* TASK DESCRIPTION *
In the material below, find each line with the word "inter" and copy it.

* RECORDS SUPPLIED *
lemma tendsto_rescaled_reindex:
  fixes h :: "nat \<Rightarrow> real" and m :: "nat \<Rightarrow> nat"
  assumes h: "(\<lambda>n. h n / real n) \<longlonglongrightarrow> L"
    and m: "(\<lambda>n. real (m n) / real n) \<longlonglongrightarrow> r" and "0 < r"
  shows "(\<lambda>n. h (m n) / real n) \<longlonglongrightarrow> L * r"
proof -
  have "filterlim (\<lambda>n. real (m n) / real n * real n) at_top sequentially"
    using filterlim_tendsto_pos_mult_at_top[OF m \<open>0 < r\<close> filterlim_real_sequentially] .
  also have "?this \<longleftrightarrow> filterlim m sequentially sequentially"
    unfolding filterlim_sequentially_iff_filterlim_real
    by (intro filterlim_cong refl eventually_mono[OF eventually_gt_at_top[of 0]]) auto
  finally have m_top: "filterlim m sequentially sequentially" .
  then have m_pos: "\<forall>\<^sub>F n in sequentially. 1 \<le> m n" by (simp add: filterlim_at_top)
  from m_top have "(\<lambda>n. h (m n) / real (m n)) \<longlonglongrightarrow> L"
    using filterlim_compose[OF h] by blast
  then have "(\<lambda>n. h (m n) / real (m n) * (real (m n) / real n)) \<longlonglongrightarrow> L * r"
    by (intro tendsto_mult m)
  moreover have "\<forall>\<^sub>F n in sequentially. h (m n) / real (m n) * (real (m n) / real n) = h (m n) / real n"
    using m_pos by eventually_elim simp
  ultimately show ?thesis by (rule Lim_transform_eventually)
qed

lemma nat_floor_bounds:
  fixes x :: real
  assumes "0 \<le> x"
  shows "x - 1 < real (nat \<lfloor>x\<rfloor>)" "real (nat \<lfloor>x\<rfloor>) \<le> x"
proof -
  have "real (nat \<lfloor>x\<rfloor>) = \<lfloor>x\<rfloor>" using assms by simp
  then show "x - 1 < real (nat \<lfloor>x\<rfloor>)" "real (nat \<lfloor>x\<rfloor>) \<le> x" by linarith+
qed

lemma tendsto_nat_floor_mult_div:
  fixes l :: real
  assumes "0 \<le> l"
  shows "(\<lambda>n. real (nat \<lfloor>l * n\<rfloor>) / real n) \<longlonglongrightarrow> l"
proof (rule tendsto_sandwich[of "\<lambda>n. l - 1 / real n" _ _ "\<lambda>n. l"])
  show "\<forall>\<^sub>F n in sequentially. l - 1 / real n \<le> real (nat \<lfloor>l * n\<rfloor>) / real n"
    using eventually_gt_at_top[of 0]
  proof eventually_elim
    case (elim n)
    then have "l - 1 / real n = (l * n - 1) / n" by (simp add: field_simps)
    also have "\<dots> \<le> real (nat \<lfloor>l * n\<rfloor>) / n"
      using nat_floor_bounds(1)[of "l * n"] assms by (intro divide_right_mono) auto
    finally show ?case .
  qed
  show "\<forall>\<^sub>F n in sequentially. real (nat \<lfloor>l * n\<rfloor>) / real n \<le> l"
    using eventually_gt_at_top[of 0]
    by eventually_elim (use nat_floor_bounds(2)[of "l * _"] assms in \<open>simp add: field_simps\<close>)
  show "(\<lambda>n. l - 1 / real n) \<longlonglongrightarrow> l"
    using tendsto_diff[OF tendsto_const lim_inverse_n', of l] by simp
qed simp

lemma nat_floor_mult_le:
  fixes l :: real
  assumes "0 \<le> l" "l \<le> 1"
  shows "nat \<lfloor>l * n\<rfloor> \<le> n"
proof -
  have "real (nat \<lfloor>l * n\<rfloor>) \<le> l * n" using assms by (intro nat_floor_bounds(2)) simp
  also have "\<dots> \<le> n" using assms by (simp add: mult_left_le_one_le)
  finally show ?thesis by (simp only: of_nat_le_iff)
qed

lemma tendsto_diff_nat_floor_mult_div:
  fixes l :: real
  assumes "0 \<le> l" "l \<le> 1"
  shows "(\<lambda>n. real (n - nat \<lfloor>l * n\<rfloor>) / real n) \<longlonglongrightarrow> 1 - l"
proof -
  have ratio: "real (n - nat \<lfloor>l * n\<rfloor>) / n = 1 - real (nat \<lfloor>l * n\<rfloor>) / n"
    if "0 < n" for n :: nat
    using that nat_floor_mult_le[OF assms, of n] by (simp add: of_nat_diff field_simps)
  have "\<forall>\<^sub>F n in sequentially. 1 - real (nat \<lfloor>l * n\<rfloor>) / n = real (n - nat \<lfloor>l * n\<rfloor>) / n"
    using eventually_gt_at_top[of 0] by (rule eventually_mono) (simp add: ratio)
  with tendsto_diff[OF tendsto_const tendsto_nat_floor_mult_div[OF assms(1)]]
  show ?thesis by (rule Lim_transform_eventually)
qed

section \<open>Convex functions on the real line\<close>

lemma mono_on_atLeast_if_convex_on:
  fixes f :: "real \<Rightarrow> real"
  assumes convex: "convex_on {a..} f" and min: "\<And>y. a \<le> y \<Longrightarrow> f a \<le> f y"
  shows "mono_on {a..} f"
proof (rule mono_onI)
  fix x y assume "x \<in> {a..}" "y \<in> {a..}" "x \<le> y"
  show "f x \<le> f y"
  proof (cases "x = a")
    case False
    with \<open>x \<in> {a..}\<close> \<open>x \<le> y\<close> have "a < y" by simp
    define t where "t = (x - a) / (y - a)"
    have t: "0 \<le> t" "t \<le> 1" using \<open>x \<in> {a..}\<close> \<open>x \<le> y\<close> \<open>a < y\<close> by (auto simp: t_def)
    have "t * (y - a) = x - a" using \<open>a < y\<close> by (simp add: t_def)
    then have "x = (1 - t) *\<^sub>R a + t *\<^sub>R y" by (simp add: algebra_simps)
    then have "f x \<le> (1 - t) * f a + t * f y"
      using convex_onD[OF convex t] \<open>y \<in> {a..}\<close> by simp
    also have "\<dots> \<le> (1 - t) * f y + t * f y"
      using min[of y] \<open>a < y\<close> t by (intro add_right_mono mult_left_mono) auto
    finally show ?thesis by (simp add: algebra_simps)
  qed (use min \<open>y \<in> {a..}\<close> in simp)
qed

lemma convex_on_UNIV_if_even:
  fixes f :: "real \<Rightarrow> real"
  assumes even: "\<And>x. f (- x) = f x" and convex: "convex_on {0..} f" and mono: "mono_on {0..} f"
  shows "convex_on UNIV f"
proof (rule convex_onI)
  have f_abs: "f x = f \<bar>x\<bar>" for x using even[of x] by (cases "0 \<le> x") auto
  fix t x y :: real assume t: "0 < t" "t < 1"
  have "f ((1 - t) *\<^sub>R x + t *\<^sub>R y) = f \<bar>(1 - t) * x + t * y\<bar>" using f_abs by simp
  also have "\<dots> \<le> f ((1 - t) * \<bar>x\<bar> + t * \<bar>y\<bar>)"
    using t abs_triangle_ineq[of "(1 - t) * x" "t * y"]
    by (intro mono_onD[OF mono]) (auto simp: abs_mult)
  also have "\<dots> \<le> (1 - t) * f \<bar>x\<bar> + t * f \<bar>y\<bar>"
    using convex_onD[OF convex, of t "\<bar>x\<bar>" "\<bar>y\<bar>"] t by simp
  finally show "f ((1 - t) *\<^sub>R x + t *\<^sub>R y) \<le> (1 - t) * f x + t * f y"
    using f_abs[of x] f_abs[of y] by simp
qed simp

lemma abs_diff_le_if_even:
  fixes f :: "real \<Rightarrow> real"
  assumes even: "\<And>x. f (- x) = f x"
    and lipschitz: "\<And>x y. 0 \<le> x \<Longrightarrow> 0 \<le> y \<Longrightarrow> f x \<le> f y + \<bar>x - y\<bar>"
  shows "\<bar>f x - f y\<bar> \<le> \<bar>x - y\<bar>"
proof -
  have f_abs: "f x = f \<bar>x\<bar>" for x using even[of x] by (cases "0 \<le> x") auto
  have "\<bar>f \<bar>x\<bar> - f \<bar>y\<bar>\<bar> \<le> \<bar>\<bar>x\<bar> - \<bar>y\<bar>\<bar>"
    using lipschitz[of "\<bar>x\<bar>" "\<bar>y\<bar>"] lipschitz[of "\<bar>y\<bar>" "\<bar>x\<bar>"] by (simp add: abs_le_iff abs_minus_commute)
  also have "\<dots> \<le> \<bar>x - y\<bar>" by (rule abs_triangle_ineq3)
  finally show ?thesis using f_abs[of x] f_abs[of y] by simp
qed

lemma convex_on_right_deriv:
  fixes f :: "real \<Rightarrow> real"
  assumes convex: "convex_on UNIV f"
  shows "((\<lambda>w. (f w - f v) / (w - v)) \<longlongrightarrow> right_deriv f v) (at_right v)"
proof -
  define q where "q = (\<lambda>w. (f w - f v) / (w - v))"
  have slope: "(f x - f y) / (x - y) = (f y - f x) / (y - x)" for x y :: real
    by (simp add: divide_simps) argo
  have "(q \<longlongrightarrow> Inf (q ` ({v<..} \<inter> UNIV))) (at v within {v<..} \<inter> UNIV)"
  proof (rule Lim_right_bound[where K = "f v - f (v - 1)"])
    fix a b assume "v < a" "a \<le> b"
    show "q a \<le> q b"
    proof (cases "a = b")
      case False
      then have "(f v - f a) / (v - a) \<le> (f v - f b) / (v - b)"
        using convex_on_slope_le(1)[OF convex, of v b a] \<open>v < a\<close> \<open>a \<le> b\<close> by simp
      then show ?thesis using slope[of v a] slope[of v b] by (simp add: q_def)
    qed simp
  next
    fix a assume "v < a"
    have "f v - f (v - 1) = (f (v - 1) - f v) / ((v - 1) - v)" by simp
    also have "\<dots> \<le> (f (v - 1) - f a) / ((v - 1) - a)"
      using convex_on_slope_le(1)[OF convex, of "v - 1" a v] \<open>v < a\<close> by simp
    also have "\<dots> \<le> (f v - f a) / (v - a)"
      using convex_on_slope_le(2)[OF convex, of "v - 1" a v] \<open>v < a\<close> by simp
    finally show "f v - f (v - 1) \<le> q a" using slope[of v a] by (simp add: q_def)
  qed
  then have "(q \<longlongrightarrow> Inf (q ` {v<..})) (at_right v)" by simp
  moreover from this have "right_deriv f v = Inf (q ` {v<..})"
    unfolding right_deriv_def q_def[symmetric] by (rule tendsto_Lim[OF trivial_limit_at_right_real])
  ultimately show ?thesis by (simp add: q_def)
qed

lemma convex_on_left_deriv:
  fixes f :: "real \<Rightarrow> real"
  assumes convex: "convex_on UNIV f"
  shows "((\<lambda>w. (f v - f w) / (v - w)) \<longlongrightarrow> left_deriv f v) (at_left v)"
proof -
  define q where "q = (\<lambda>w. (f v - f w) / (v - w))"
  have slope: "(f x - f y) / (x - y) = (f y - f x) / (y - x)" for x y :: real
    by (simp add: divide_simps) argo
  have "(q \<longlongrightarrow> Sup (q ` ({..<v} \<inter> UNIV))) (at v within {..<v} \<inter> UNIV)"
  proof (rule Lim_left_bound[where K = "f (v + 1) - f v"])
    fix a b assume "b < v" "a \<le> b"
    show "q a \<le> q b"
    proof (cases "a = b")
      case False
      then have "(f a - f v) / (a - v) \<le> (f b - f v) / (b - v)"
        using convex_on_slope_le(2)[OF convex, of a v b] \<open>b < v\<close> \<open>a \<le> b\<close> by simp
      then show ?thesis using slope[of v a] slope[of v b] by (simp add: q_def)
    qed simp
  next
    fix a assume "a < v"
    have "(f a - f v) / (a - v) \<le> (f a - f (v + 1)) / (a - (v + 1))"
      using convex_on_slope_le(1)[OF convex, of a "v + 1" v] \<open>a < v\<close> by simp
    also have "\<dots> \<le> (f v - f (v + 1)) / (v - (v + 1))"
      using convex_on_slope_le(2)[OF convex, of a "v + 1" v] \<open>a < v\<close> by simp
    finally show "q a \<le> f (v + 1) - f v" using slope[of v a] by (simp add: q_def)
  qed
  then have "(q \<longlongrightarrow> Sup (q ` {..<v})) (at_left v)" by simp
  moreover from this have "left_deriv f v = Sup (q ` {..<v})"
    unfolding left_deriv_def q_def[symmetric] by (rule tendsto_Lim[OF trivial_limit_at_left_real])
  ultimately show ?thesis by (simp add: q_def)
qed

* TASK RESPONSE *
  have "(q \<longlongrightarrow> Inf (q ` ({v<..} \<inter> UNIV))) (at v within {v<..} \<inter> UNIV)"
  have "(q \<longlongrightarrow> Sup (q ` ({..<v} \<inter> UNIV))) (at v within {..<v} \<inter> UNIV)"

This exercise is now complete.